L’evento sarà presentato dalla stessa Jesusleny Gomes, che oltre ad essere negli ultimi mesi un’avventurosa camminatrice che viaggia alla scoperta delle bellezze del territorio e di storie sulla cultura e le tradizioni, durante la quotidianità è la founder di ITline 8.3, società che si occupa di consulenze nel settore delle tecnologie informatiche con sede a Verona. Per l’occasione saranno presenti anche il presidente della Regione Veneto Luca Zaia e il sindaco di Bardolino, Ivan De Beni. Durante l’evento Jesusleny svelerà ai presenti in anteprima la panchina rosa destinata al comune di Bardolino, togliendo il telo speciale realizzato dall’artista Elena Rizza, una giovane e talentuosa ragazza incontrata dalla camminatrice durante il suo viaggio Su 2 Piedi.
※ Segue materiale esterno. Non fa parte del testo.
section \<open>Descent on the longest reducible prefix\<close>

lemma rauzy_steps_standard_shift:
  assumes "T2 \<noteq> []" "last T2 = x"
  shows "rauzy_step\<^sup>*\<^sup>* (a # (T1 @ bt # T2) @ [b], b # (bt # B1 @ x # rest) @ [a])
                        (a # (T2 @ T1 @ [bt]) @ [b], b # (B1 @ x # bt # rest) @ [a])"
proof -
  have "rauzy_step\<^sup>*\<^sup>* (a # (T1 @ bt # T2) @ [b], b # (bt # B1 @ x # rest) @ [a])
                          (a # T1 @ bt # T2 @ [b], b # B1 @ x # rest @ [a, bt])"
    using rauzy_steps_rotate_bottom[where us = "[]" and U = "[bt]" and V = "B1 @ x # rest @ [a]"]
    by simp
  also have "rauzy_step (a # T1 @ bt # T2 @ [b], b # B1 @ x # rest @ [a, bt])
                        (a # T1 @ bt # b # T2, b # B1 @ x # rest @ [a, bt])"
    using rauzy_step.bottom[where us = "a # T1" and vs = T2] by simp
  also have "rauzy_step (a # T1 @ bt # b # T2, b # B1 @ x # rest @ [a, bt])
                        (a # T1 @ bt # b # T2, b # B1 @ x # bt # rest @ [a])"
    using rauzy_step.top[where us = "b # B1" and vs = "rest @ [a]"] assms by simp
  also have "rauzy_step\<^sup>*\<^sup>* (a # T1 @ bt # b # T2, b # B1 @ x # bt # rest @ [a])
                               (a # (T2 @ T1 @ [bt]) @ [b], b # (B1 @ x # bt # rest) @ [a])"
    using rauzy_steps_rotate_top[where us = "[]" and U = "T1 @ [bt, b]" and V = T2] by simp
  finally show ?thesis .
qed

text \<open>The inner rows \<open>T = T1 @ bt # T2\<close> and \<open>B = bt # B1 @ x # rest\<close> of a standard pair, where
  \<open>bt\<close> is the first letter of \<open>B\<close> and \<open>x\<close> the last letter of \<open>T\<close>; \<open>rest \<noteq> []\<close> says that \<open>T\<close> and
  \<open>B\<close> end differently.\<close>

context
  fixes T1 T2 B1 rest :: "'a list" and bt x :: 'a and L :: nat
  assumes perm: "perm_rows (T1 @ bt # T2, bt # B1 @ x # rest)"
    and T2: "T2 \<noteq> []" "last T2 = x"
    and rest: "rest \<noteq> []"
    and L_reducible: "reducible_at (T1 @ bt # T2, bt # B1 @ x # rest) L"
    and L_max: "\<And>l. reducible_at (T1 @ bt # T2, bt # B1 @ x # rest) l \<Longrightarrow> l \<le> L"
begin

private lemma distinct_rows: "distinct (T1 @ bt # T2)" "distinct (bt # B1 @ x # rest)"
  and same_set: "set (T1 @ bt # T2) = set (bt # B1 @ x # rest)"
  using perm[unfolded perm_rows_def fst_conv snd_conv] by blast+

private lemma L_bounds: "1 \<le> L" "L < length (T1 @ bt # T2)"
  and L_prefixes: "set (take L (T1 @ bt # T2)) = set (take L (bt # B1 @ x # rest))"
  using L_reducible by (simp_all add: reducible_at_def)

private lemma take_L_bottom: "take L (bt # B1 @ x # rest) = bt # take (L - 1) B1"
proof -
  have "x \<notin> set (take L (T1 @ bt # T2))"
    using last_notin_set_take[OF distinct_rows(1) L_bounds(2)] T2 by simp
  then have "x \<notin> set (take L ((bt # B1) @ x # rest))"
    unfolding append_Cons L_prefixes[symmetric] .
  then have "L \<le> Suc (length B1)"
    using in_set_take_append_Cons[of "bt # B1" L x rest] by (cases "L \<le> Suc (length B1)") auto
  moreover obtain L' where "L = Suc L'" using L_bounds(1) by (cases L) auto
  ultimately show ?thesis by simp
qed

private lemma take_L_top: "take L (T1 @ bt # T2) = T1 @ bt # take (L - Suc (length T1)) T2"
proof -
  have "bt \<in> set (take L (T1 @ bt # T2))" using L_prefixes take_L_bottom by simp
  then have "length T1 < L" using distinct_rows(1)
    by (cases "length T1 < L") (auto dest: in_set_takeD)
  then show ?thesis by (simp add: take_Cons')
qed

private lemma take_L_top_contains: "insert bt (set T1) \<subseteq> set (take L (T1 @ bt # T2))"
  unfolding take_L_top by auto

private lemma T1_subset: "set T1 \<subseteq> set (take (L - 1) B1)"
  using take_L_top_contains L_prefixes[unfolded take_L_bottom] distinct_rows(1) by auto

private lemma rest_subset: "set rest \<subseteq> set T2"
proof
  fix r assume r: "r \<in> set rest"
  then have "r \<notin> set (take L (T1 @ bt # T2))"
    using L_prefixes[unfolded take_L_bottom] distinct_rows(2) by (auto dest: in_set_takeD)
  then show "r \<in> set T2" using r same_set take_L_top_contains by auto
qed

private lemma shifted_reducible_short:
  assumes red: "reducible_at (T2 @ T1 @ [bt], B1 @ x # bt # rest) l"
  shows "l \<le> Suc (length B1)"
    and "set (take l (T2 @ T1 @ [bt])) = set (take l (B1 @ x # rest))"
proof -
  have l: "l < length (T2 @ T1 @ [bt])"
    and prefixes: "set (take l (T2 @ T1 @ [bt])) = set (take l (B1 @ x # bt # rest))"
    using red unfolding reducible_at_def fst_conv snd_conv by blast+
  have "bt \<notin> set (take l (T2 @ T1 @ [bt]))"
    using last_notin_set_take[of "T2 @ T1 @ [bt]" l] distinct_rows(1) l by auto
  then have "bt \<notin> set (take l ((B1 @ [x]) @ bt # rest))"
    unfolding append_assoc append_Cons append_Nil prefixes[symmetric] .
  then show short: "l \<le> Suc (length B1)"
    using in_set_take_append_Cons[of "B1 @ [x]" l bt rest] by (cases "l \<le> Suc (length B1)") auto
  show "set (take l (T2 @ T1 @ [bt])) = set (take l (B1 @ x # rest))"
    using prefixes take_append_Cons_le[OF short] by metis
qed

lemma reducible_at_standard_shift_lt:
  assumes red: "reducible_at (T2 @ T1 @ [bt], B1 @ x # bt # rest) l"
  shows "l < L"
proof (rule ccontr)
  assume "\<not> l < L"
  note short = shifted_reducible_short[OF red]
  show False
  proof (cases "l \<le> length T2")
    case True
    then have top: "set (take l T2) = set (take l (B1 @ x # rest))" using short(2) by simp
    show False
    proof (cases T1)
      case Nil
      have "set (take (Suc l) (T1 @ bt # T2)) = set (take (Suc l) (bt # B1 @ x # rest))"
        using top Nil by simp
      moreover have "Suc l < length (T1 @ bt # T2)"
        using short(1) rest perm_rows_length[OF perm] by (cases rest) auto
      ultimately have "reducible_at (T1 @ bt # T2, bt # B1 @ x # rest) (Suc l)"
        by (simp add: reducible_at_def)
      with L_max \<open>\<not> l < L\<close> show False by fastforce
    next
      case (Cons t T1')
      have "set (take (L - 1) B1) \<subseteq> set (take l B1)"
        using \<open>\<not> l < L\<close> by (intro set_take_subset_set_take) simp
      also have "\<dots> \<subseteq> set (take l (B1 @ x # rest))" by simp
      finally have "t \<in> set T2"
        using T1_subset Cons top by (auto dest: in_set_takeD)
      then show False using distinct_rows(1) Cons by auto
    qed
  next
    case False
    then have "set T2 \<subseteq> set (take l (B1 @ x # rest))" using short(2) by auto
    moreover obtain r where "r \<in> set rest" using rest by fastforce
    ultimately have "r \<in> set (take l (B1 @ x # rest))" using rest_subset by auto
    then have "r \<in> set (B1 @ [x])"
      using take_append_Cons_le[OF short(1)] by (metis in_set_takeD)
    then show False using \<open>r \<in> set rest\<close> distinct_rows(2) by auto
  qed
qed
Anche il telo infatti richiama il tema degli abusi spesso subiti dal sesso femminile, attraverso un disegno che simboleggia la liberazione della donna da uno stato di oppressione sia fisico che psicologico. Un’iniziativa come questa della panchina rosa vuole contribuire a mantenere sempre viva la sensibilizzazione sull’argomento, creando un luogo dove sedersi a riflettere e dove prendere la forza per imparare o insegnare la potenza del rispetto.
È molto importante che la sensibilizzazione su questo fenomeno non si limiti alla Festa della donna dell’8 marzo o alla Giornata mondiale contro la violenza sulle donne del 25 novembre, ma che possa proseguire in maniera continua giorno dopo giorno. Perché solo un profondo cambiamento culturale può port alla risoluzione del problema, e questo
può avvenire coinvolgendo e informando le persone, soprattutto le nuove generazioni.

 

La prima verrà posata a Bardolino

Proprio a Bardolino sarà posata la prima di queste panchine: il comune veronese affacciato sul Lago di Garda è stato infatti il primo ad avere aderito all’iniziativa Pink Bench, e l’obiettivo è che se sia solo il primo di una lunga serie. La volontà di Jesusleny è quella di proporre la panchina rosa a tutti i comuni che ha toccato nel suo cammino e in generale a tutti quelli che vorranno aderire ad un progetto dalle così importanti finalità: tante panchine rosa nelle piazze, nei parchi, o nelle passeggiate di molti paesi e città, per stimolare ogni giorno la curiosità e con essa un momento di riflessione sul tema della violenza sulle donne. Un ulteriore sviluppo del progetto prevede la creazione e pubblicizzazione di percorsi che idealmente uniscano le panchine disseminate nei vari comuni: un motivo di sinergia tra le diverse amministrazioni e un’occasione di promozione del territorio sotto la bandiera di una nobile causa a favore della civiltà e del rispetto.